▶ _EXERCISE AIM_
Look through the listing below for the string "prems". Say how many lines hold it, and nothing else.

** RECORDS SUPPLIED follows **

lemma first_exceeding_index:
  fixes p :: "nat \<Rightarrow> nat \<Rightarrow> real"
  assumes tri: "\<And>i j k. p i k \<le> p i j + p j k"
    and step: "\<And>k. N \<le> k \<Longrightarrow> p k (Suc k) < \<eta>" and "\<eta> \<le> \<epsilon>"
    and "N \<le> n" "n < m" "\<epsilon> \<le> p n m"
  shows "\<exists>m'. n < m' \<and> \<epsilon> \<le> p n m' \<and> p n m' < \<epsilon> + \<eta>"
  using \<open>n < m\<close> \<open>\<epsilon> \<le> p n m\<close>
proof (induction m)
  case (Suc m)
  consider "n < m" "\<epsilon> \<le> p n m" | "n < m" "p n m < \<epsilon>" | "m = n"
    using Suc.prems by linarith
  then show ?case
  proof cases
    case 1
    then show ?thesis using Suc.IH by blast
  next
    case 2
    then have "p n (Suc m) < \<epsilon> + \<eta>"
      using tri[of n "Suc m" m] step[of m] \<open>N \<le> n\<close> by linarith
    then show ?thesis using Suc.prems by blast
  next
    case 3
    then show ?thesis using Suc.prems step[of n] \<open>N \<le> n\<close> \<open>\<eta> \<le> \<epsilon>\<close> by simp
  qed
qed simp

locale sym_G_metric_space =
  fixes X :: "'a set" and G :: "'a \<Rightarrow> 'a \<Rightarrow> 'a \<Rightarrow> real"
  assumes G_metric: "G_metric X G" and symmetric: "symmetric_G X G"
begin

lemma G_dist_nonneg: "x \<in> X \<Longrightarrow> y \<in> X \<Longrightarrow> 0 \<le> G x y y"
  using G_metric unfolding G_metric_def by auto

lemma G_dist_self: "x \<in> X \<Longrightarrow> G x x x = 0"
  using G_metric unfolding G_metric_def by auto

lemma G_dist_pos: "x \<in> X \<Longrightarrow> y \<in> X \<Longrightarrow> x \<noteq> y \<Longrightarrow> 0 < G x y y"
  using G_metric symmetric unfolding G_metric_def symmetric_G_def by metis

lemma G_dist_commute: "x \<in> X \<Longrightarrow> y \<in> X \<Longrightarrow> G x y y = G y x x"
  using G_metric symmetric unfolding G_metric_def symmetric_G_def by metis

lemma G_dist_triangle: "x \<in> X \<Longrightarrow> y \<in> X \<Longrightarrow> z \<in> X \<Longrightarrow> G x z z \<le> G x y y + G y z z"
  using G_metric unfolding G_metric_def by blast

lemma G_converges_Suc_unique:
  assumes "u \<in> X" "v \<in> X" "\<And>n. s n \<in> X"
    and "G_converges G s u" "G_converges G (\<lambda>n. s (Suc n)) v"
  shows "u = v"
proof (rule ccontr)
  assume "u \<noteq> v"
  define e where "e = G u v v / 2"
  have "e > 0" using G_dist_pos[OF assms(1,2) \<open>u \<noteq> v\<close>] unfolding e_def by simp
  obtain N1 where N1: "\<And>n m. N1 \<le> n \<and> N1 \<le> m \<Longrightarrow> G u (s n) (s m) < e"
    using assms(4) \<open>e > 0\<close> unfolding G_converges_def by blast
  obtain N2 where N2: "\<And>n m. N2 \<le> n \<and> N2 \<le> m \<Longrightarrow> G v (s (Suc n)) (s (Suc m)) < e"
    using assms(5) \<open>e > 0\<close> unfolding G_converges_def by blast
  define n where "n = Suc (N1 + N2)"
  have "G u v v \<le> G u (s n) (s n) + G v (s n) (s n)"
    using G_dist_triangle[OF assms(1) assms(3) assms(2)] G_dist_commute[OF assms(2,3)] by simp
  also have "\<dots> < 2 * e"
    using N1[of n n] N2[of "n - 1" "n - 1"] unfolding n_def by simp
  finally show False unfolding e_def by simp
qed

end

locale G_contraction = sym_G_metric_space X G
  for X :: "'a set" and G :: "'a \<Rightarrow> 'a \<Rightarrow> 'a \<Rightarrow> real" +
  fixes T :: "'a \<Rightarrow> 'a" and a :: "'a \<Rightarrow> 'a \<Rightarrow> 'a \<Rightarrow> real" and h :: "real \<Rightarrow> real \<Rightarrow> real \<Rightarrow> real"
  assumes T_maps: "\<forall>x\<in>X. T x \<in> X"
    and a_zero: "\<forall>x\<in>X. \<forall>y\<in>X. a x y y = 0"
    and h_usc: "usc3_nonneg h"
    and h_mono: "mono3_nonneg h"
    and h_lt: "\<forall>t>0. h t t t < t"
    and contr: "\<forall>x\<in>X. \<forall>y\<in>X. \<forall>z\<in>X. x \<noteq> y \<longrightarrow>
        G (T x) (T y) (T z) \<le>
          h (G x y z)
            (G x (T x) (T x) * G y (T y) (T y) * G z (T z) (T z) / (G x y z * G (T x) (T y) (T z)))
            (a x y z * G (T x) y z * G x (T y) z * G x y (T z))"
begin

lemma h_monoD:
  "0 \<le> p \<Longrightarrow> p \<le> p' \<Longrightarrow> 0 \<le> q \<Longrightarrow> q \<le> q' \<Longrightarrow> 0 \<le> r \<Longrightarrow> r \<le> r' \<Longrightarrow> h p q r \<le> h p' q' r'"
  using h_mono unfolding mono3_nonneg_def by blast

lemma contraction_pair:
  assumes "x \<in> X" "y \<in> X" "x \<noteq> y"
  shows "G (T x) (T y) (T y) \<le> h (G x y y)
     (G x (T x) (T x) * G y (T y) (T y) * G y (T y) (T y) / (G x y y * G (T x) (T y) (T y))) 0"
  using contr[rule_format, OF assms(1,2,2,3)] a_zero assms by simp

** End of RECORDS SUPPLIED **

▶ _YOUR SOLUTION_
3